> [Task to carry out] A verbatim transcription of every record below is required.

> [Dataset entries]
################
(* Let $n\ge 1$, let $U$ be a unitary on $n$ compute qubits, let $\rho$ be an arbitrary $n$-qubit density matrix, and let $\mathcal{E}(\sigma)=\sum_i E_i\sigma E_i^\dagger$ be a noise map acting on the compute qubits only, each of whose Kraus operators $E_i$ has weight one (acts nontrivially on at most one qubit, possibly different qubits for different $i$). Then there exist two layers of checks ($m=2$), i.e. $n$-qubit unitaries $\tilde C_{1,k},\tilde C_{2,k}$, $k=1,2$, with $\tilde C_{2,k}U\tilde C_{1,k}=U$, such that, whenever the probability of obtaining outcome $0$ on both ancillas in the Pauli check sandwiching protocol (with noise $\mathcal{E}$ immediately after $U$) is nonzero, the postselected state $\rho_m$ satisfies $F(\rho_m,U\rho U^\dagger)=1$. Moreover, the controlled operations $C_{2,1},C_{2,2}$ can be implemented with a total of $2n$ CNOT gates (together with single-qubit gates).
   Context: The $m$-layer Pauli check sandwiching protocol: for each $k$, let $C_{j,k}=\tilde C_{j,k}\otimes|1\rangle\langle 1|_k+\mathbb{I}\otimes|0\rangle\langle 0|_k$ ($j=1,2$) be the controlled unitary with control on ancilla $k$ and target the compute qubits. Start with the compute qubits in $\rho$ and $m$ ancillas in $|0\rangle$; apply a Hadamard to every ancilla; apply $C_{1,m},\dots,C_{1,1}$; apply $U$; apply $\mathcal{E}$ to the compute qubits; apply $C_{2,1},\dots,C_{2,m}$; apply a Hadamard to every ancilla; measure all ancillas in the computational basis and keep only runs where all outcomes are $0$. $\rho_m$ is the renormalized resulting state of the compute qubits. Fidelity is $F(\rho,\omega)=\left(\operatorname{tr}\sqrt{\sqrt{\rho}\,\omega\sqrt{\rho}}\right)^2$. *)

theory Defs
  imports "Jordan_Normal_Form.Matrix" Complex_Main
begin

definition adj :: "complex mat \<Rightarrow> complex mat" where
  "adj A = mat (dim_col A) (dim_row A) (\<lambda>(i,j). cnj (A $$ (j,i)))"

definition tr :: "complex mat \<Rightarrow> complex" where
  "tr A = (\<Sum>i<dim_row A. A $$ (i,i))"

definition unitary_mat :: "nat \<Rightarrow> complex mat \<Rightarrow> bool" where
  "unitary_mat d U \<longleftrightarrow> U \<in> carrier_mat d d \<and> adj U * U = 1\<^sub>m d \<and> U * adj U = 1\<^sub>m d"

definition psd :: "nat \<Rightarrow> complex mat \<Rightarrow> bool" where
  "psd d A \<longleftrightarrow> A \<in> carrier_mat d d \<and> adj A = A \<and>
     (\<forall>v :: nat \<Rightarrow> complex. 0 \<le> Re (\<Sum>i<d. \<Sum>j<d. cnj (v i) * A $$ (i,j) * v j))"

definition density :: "nat \<Rightarrow> complex mat \<Rightarrow> bool" where
  "density d \<rho> \<longleftrightarrow> psd d \<rho> \<and> tr \<rho> = 1"

text \<open>The (unique) positive semidefinite square root.\<close>
definition msqrt :: "complex mat \<Rightarrow> complex mat" where
  "msqrt A = (THE B. psd (dim_row A) B \<and> B * B = A)"

definition fidelity :: "complex mat \<Rightarrow> complex mat \<Rightarrow> complex" where
  "fidelity \<rho> \<omega> = (tr (msqrt (msqrt \<rho> * \<omega> * msqrt \<rho>)))\<^sup>2"

text \<open>Kronecker product; index (i,k) of A \<otimes> B is i * dim B + k (qubit 0 most significant).\<close>
definition kron :: "complex mat \<Rightarrow> complex mat \<Rightarrow> complex mat" where
  "kron A B = mat (dim_row A * dim_row B) (dim_col A * dim_col B)
     (\<lambda>(i,j). A $$ (i div dim_row B, j div dim_col B) * B $$ (i mod dim_row B, j mod dim_col B))"

text \<open>Operator A (2x2) acting on qubit q (0-based) of an N-qubit register.\<close>
definition on_qubit :: "nat \<Rightarrow> nat \<Rightarrow> complex mat \<Rightarrow> complex mat" where
  "on_qubit N q A = kron (1\<^sub>m (2^q)) (kron A (1\<^sub>m (2^(N - q - 1))))"

definition weight_le1 :: "nat \<Rightarrow> complex mat \<Rightarrow> bool" where
  "weight_le1 n E \<longleftrightarrow> (\<exists>q<n. \<exists>A \<in> carrier_mat 2 2. E = on_qubit n q A)"

definition kraus_channel :: "nat \<Rightarrow> complex mat list \<Rightarrow> bool" where
  "kraus_channel d Ks \<longleftrightarrow> (\<forall>E \<in> set Ks. E \<in> carrier_mat d d) \<and>
     foldr (\<lambda>E acc. adj E * E + acc) Ks (0\<^sub>m d d) = 1\<^sub>m d"

definition apply_kraus :: "complex mat list \<Rightarrow> complex mat \<Rightarrow> complex mat" where
  "apply_kraus Ks \<sigma> = foldr (\<lambda>E acc. E * \<sigma> * adj E + acc) Ks (0\<^sub>m (dim_row \<sigma>) (dim_col \<sigma>))"

definition proj0 :: "complex mat" where
  "proj0 = mat 2 2 (\<lambda>(i,j). if i = 0 \<and> j = 0 then 1 else 0)"
definition proj1 :: "complex mat" where
  "proj1 = mat 2 2 (\<lambda>(i,j). if i = 1 \<and> j = 1 then 1 else 0)"
definition pauliX :: "complex mat" where
  "pauliX = mat 2 2 (\<lambda>(i,j). if i \<noteq> j then 1 else 0)"
definition hadamard :: "complex mat" where
  "hadamard = mat 2 2 (\<lambda>(i,j). (if i = 1 \<and> j = 1 then -1 else 1) / complex_of_real (sqrt 2))"

primrec hpow :: "nat \<Rightarrow> complex mat" where
  "hpow 0 = 1\<^sub>m 1"
| "hpow (Suc m) = kron hadamard (hpow m)"

text \<open>Register: n compute qubits (first tensor factor) and m ancillas (second factor);
  ancilla k (1 \<le> k \<le> m) is qubit k-1 of the ancilla register.\<close>
definition ctrl :: "nat \<Rightarrow> nat \<Rightarrow> nat \<Rightarrow> complex mat \<Rightarrow> complex mat" where
  "ctrl n m k Ct = kron Ct (on_qubit m (k - 1) proj1) + kron (1\<^sub>m (2^n)) (on_qubit m (k - 1) proj0)"

text \<open>layer1 gives C_{1,1} * ... * C_{1,m} (so C_{1,m} is applied first);
  layer2 gives C_{2,m} * ... * C_{2,1} (so C_{2,1} is applied first).\<close>
definition layer1_full :: "nat \<Rightarrow> nat \<Rightarrow> (nat \<Rightarrow> complex mat) \<Rightarrow> complex mat" where
  "layer1_full n m C = foldr (\<lambda>k acc. ctrl n m k (C k) * acc) [1..<Suc m] (1\<^sub>m (2^n * 2^m))"

definition layer2_full :: "nat \<Rightarrow> nat \<Rightarrow> (nat \<Rightarrow> complex mat) \<Rightarrow> complex mat" where
  "layer2_full n m C = foldr (\<lambda>k acc. acc * ctrl n m k (C k)) [1..<Suc m] (1\<^sub>m (2^n * 2^m))"

definition anc_zero :: "nat \<Rightarrow> complex mat" where
  "anc_zero m = mat (2^m) (2^m) (\<lambda>(i,j). if i = 0 \<and> j = 0 then 1 else 0)"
################
> [Answer to this task]
(* Let $n\ge 1$, let $U$ be a unitary on $n$ compute qubits, let $\rho$ be an arbitrary $n$-qubit density matrix, and let $\mathcal{E}(\sigma)=\sum_i E_i\sigma E_i^\dagger$ be a noise map acting on the compute qubits only, each of whose Kraus operators $E_i$ has weight one (acts nontrivially on at most one qubit, possibly different qubits for different $i$). Then there exist two layers of checks ($m=2$), i.e. $n$-qubit unitaries $\tilde C_{1,k},\tilde C_{2,k}$, $k=1,2$, with $\tilde C_{2,k}U\tilde C_{1,k}=U$, such that, whenever the probability of obtaining outcome $0$ on both ancillas in the Pauli check sandwiching protocol (with noise $\mathcal{E}$ immediately after $U$) is nonzero, the postselected state $\rho_m$ satisfies $F(\rho_m,U\rho U^\dagger)=1$. Moreover, the controlled operations $C_{2,1},C_{2,2}$ can be implemented with a total of $2n$ CNOT gates (together with single-qubit gates).
   Context: The $m$-layer Pauli check sandwiching protocol: for each $k$, let $C_{j,k}=\tilde C_{j,k}\otimes|1\rangle\langle 1|_k+\mathbb{I}\otimes|0\rangle\langle 0|_k$ ($j=1,2$) be the controlled unitary with control on ancilla $k$ and target the compute qubits. Start with the compute qubits in $\rho$ and $m$ ancillas in $|0\rangle$; apply a Hadamard to every ancilla; apply $C_{1,m},\dots,C_{1,1}$; apply $U$; apply $\mathcal{E}$ to the compute qubits; apply $C_{2,1},\dots,C_{2,m}$; apply a Hadamard to every ancilla; measure all ancillas in the computational basis and keep only runs where all outcomes are $0$. $\rho_m$ is the renormalized resulting state of the compute qubits. Fidelity is $F(\rho,\omega)=\left(\operatorname{tr}\sqrt{\sqrt{\rho}\,\omega\sqrt{\rho}}\right)^2$. *)

theory Defs
  imports "Jordan_Normal_Form.Matrix" Complex_Main
begin

definition adj :: "complex mat \<Rightarrow> complex mat" where
  "adj A = mat (dim_col A) (dim_row A) (\<lambda>(i,j). cnj (A $$ (j,i)))"

definition tr :: "complex mat \<Rightarrow> complex" where
  "tr A = (\<Sum>i<dim_row A. A $$ (i,i))"

definition unitary_mat :: "nat \<Rightarrow> complex mat \<Rightarrow> bool" where
  "unitary_mat d U \<longleftrightarrow> U \<in> carrier_mat d d \<and> adj U * U = 1\<^sub>m d \<and> U * adj U = 1\<^sub>m d"

definition psd :: "nat \<Rightarrow> complex mat \<Rightarrow> bool" where
  "psd d A \<longleftrightarrow> A \<in> carrier_mat d d \<and> adj A = A \<and>
     (\<forall>v :: nat \<Rightarrow> complex. 0 \<le> Re (\<Sum>i<d. \<Sum>j<d. cnj (v i) * A $$ (i,j) * v j))"

definition density :: "nat \<Rightarrow> complex mat \<Rightarrow> bool" where
  "density d \<rho> \<longleftrightarrow> psd d \<rho> \<and> tr \<rho> = 1"

text \<open>The (unique) positive semidefinite square root.\<close>
definition msqrt :: "complex mat \<Rightarrow> complex mat" where
  "msqrt A = (THE B. psd (dim_row A) B \<and> B * B = A)"

definition fidelity :: "complex mat \<Rightarrow> complex mat \<Rightarrow> complex" where
  "fidelity \<rho> \<omega> = (tr (msqrt (msqrt \<rho> * \<omega> * msqrt \<rho>)))\<^sup>2"

text \<open>Kronecker product; index (i,k) of A \<otimes> B is i * dim B + k (qubit 0 most significant).\<close>
definition kron :: "complex mat \<Rightarrow> complex mat \<Rightarrow> complex mat" where
  "kron A B = mat (dim_row A * dim_row B) (dim_col A * dim_col B)
     (\<lambda>(i,j). A $$ (i div dim_row B, j div dim_col B) * B $$ (i mod dim_row B, j mod dim_col B))"

text \<open>Operator A (2x2) acting on qubit q (0-based) of an N-qubit register.\<close>
definition on_qubit :: "nat \<Rightarrow> nat \<Rightarrow> complex mat \<Rightarrow> complex mat" where
  "on_qubit N q A = kron (1\<^sub>m (2^q)) (kron A (1\<^sub>m (2^(N - q - 1))))"

definition weight_le1 :: "nat \<Rightarrow> complex mat \<Rightarrow> bool" where
  "weight_le1 n E \<longleftrightarrow> (\<exists>q<n. \<exists>A \<in> carrier_mat 2 2. E = on_qubit n q A)"

definition kraus_channel :: "nat \<Rightarrow> complex mat list \<Rightarrow> bool" where
  "kraus_channel d Ks \<longleftrightarrow> (\<forall>E \<in> set Ks. E \<in> carrier_mat d d) \<and>
     foldr (\<lambda>E acc. adj E * E + acc) Ks (0\<^sub>m d d) = 1\<^sub>m d"

definition apply_kraus :: "complex mat list \<Rightarrow> complex mat \<Rightarrow> complex mat" where
  "apply_kraus Ks \<sigma> = foldr (\<lambda>E acc. E * \<sigma> * adj E + acc) Ks (0\<^sub>m (dim_row \<sigma>) (dim_col \<sigma>))"

definition proj0 :: "complex mat" where
  "proj0 = mat 2 2 (\<lambda>(i,j). if i = 0 \<and> j = 0 then 1 else 0)"
definition proj1 :: "complex mat" where
  "proj1 = mat 2 2 (\<lambda>(i,j). if i = 1 \<and> j = 1 then 1 else 0)"
definition pauliX :: "complex mat" where
  "pauliX = mat 2 2 (\<lambda>(i,j). if i \<noteq> j then 1 else 0)"
definition hadamard :: "complex mat" where
  "hadamard = mat 2 2 (\<lambda>(i,j). (if i = 1 \<and> j = 1 then -1 else 1) / complex_of_real (sqrt 2))"

primrec hpow :: "nat \<Rightarrow> complex mat" where
  "hpow 0 = 1\<^sub>m 1"
| "hpow (Suc m) = kron hadamard (hpow m)"

text \<open>Register: n compute qubits (first tensor factor) and m ancillas (second factor);
  ancilla k (1 \<le> k \<le> m) is qubit k-1 of the ancilla register.\<close>
definition ctrl :: "nat \<Rightarrow> nat \<Rightarrow> nat \<Rightarrow> complex mat \<Rightarrow> complex mat" where
  "ctrl n m k Ct = kron Ct (on_qubit m (k - 1) proj1) + kron (1\<^sub>m (2^n)) (on_qubit m (k - 1) proj0)"

text \<open>layer1 gives C_{1,1} * ... * C_{1,m} (so C_{1,m} is applied first);
  layer2 gives C_{2,m} * ... * C_{2,1} (so C_{2,1} is applied first).\<close>
definition layer1_full :: "nat \<Rightarrow> nat \<Rightarrow> (nat \<Rightarrow> complex mat) \<Rightarrow> complex mat" where
  "layer1_full n m C = foldr (\<lambda>k acc. ctrl n m k (C k) * acc) [1..<Suc m] (1\<^sub>m (2^n * 2^m))"

definition layer2_full :: "nat \<Rightarrow> nat \<Rightarrow> (nat \<Rightarrow> complex mat) \<Rightarrow> complex mat" where
  "layer2_full n m C = foldr (\<lambda>k acc. acc * ctrl n m k (C k)) [1..<Suc m] (1\<^sub>m (2^n * 2^m))"

definition anc_zero :: "nat \<Rightarrow> complex mat" where
  "anc_zero m = mat (2^m) (2^m) (\<lambda>(i,j). if i = 0 \<and> j = 0 then 1 else 0)"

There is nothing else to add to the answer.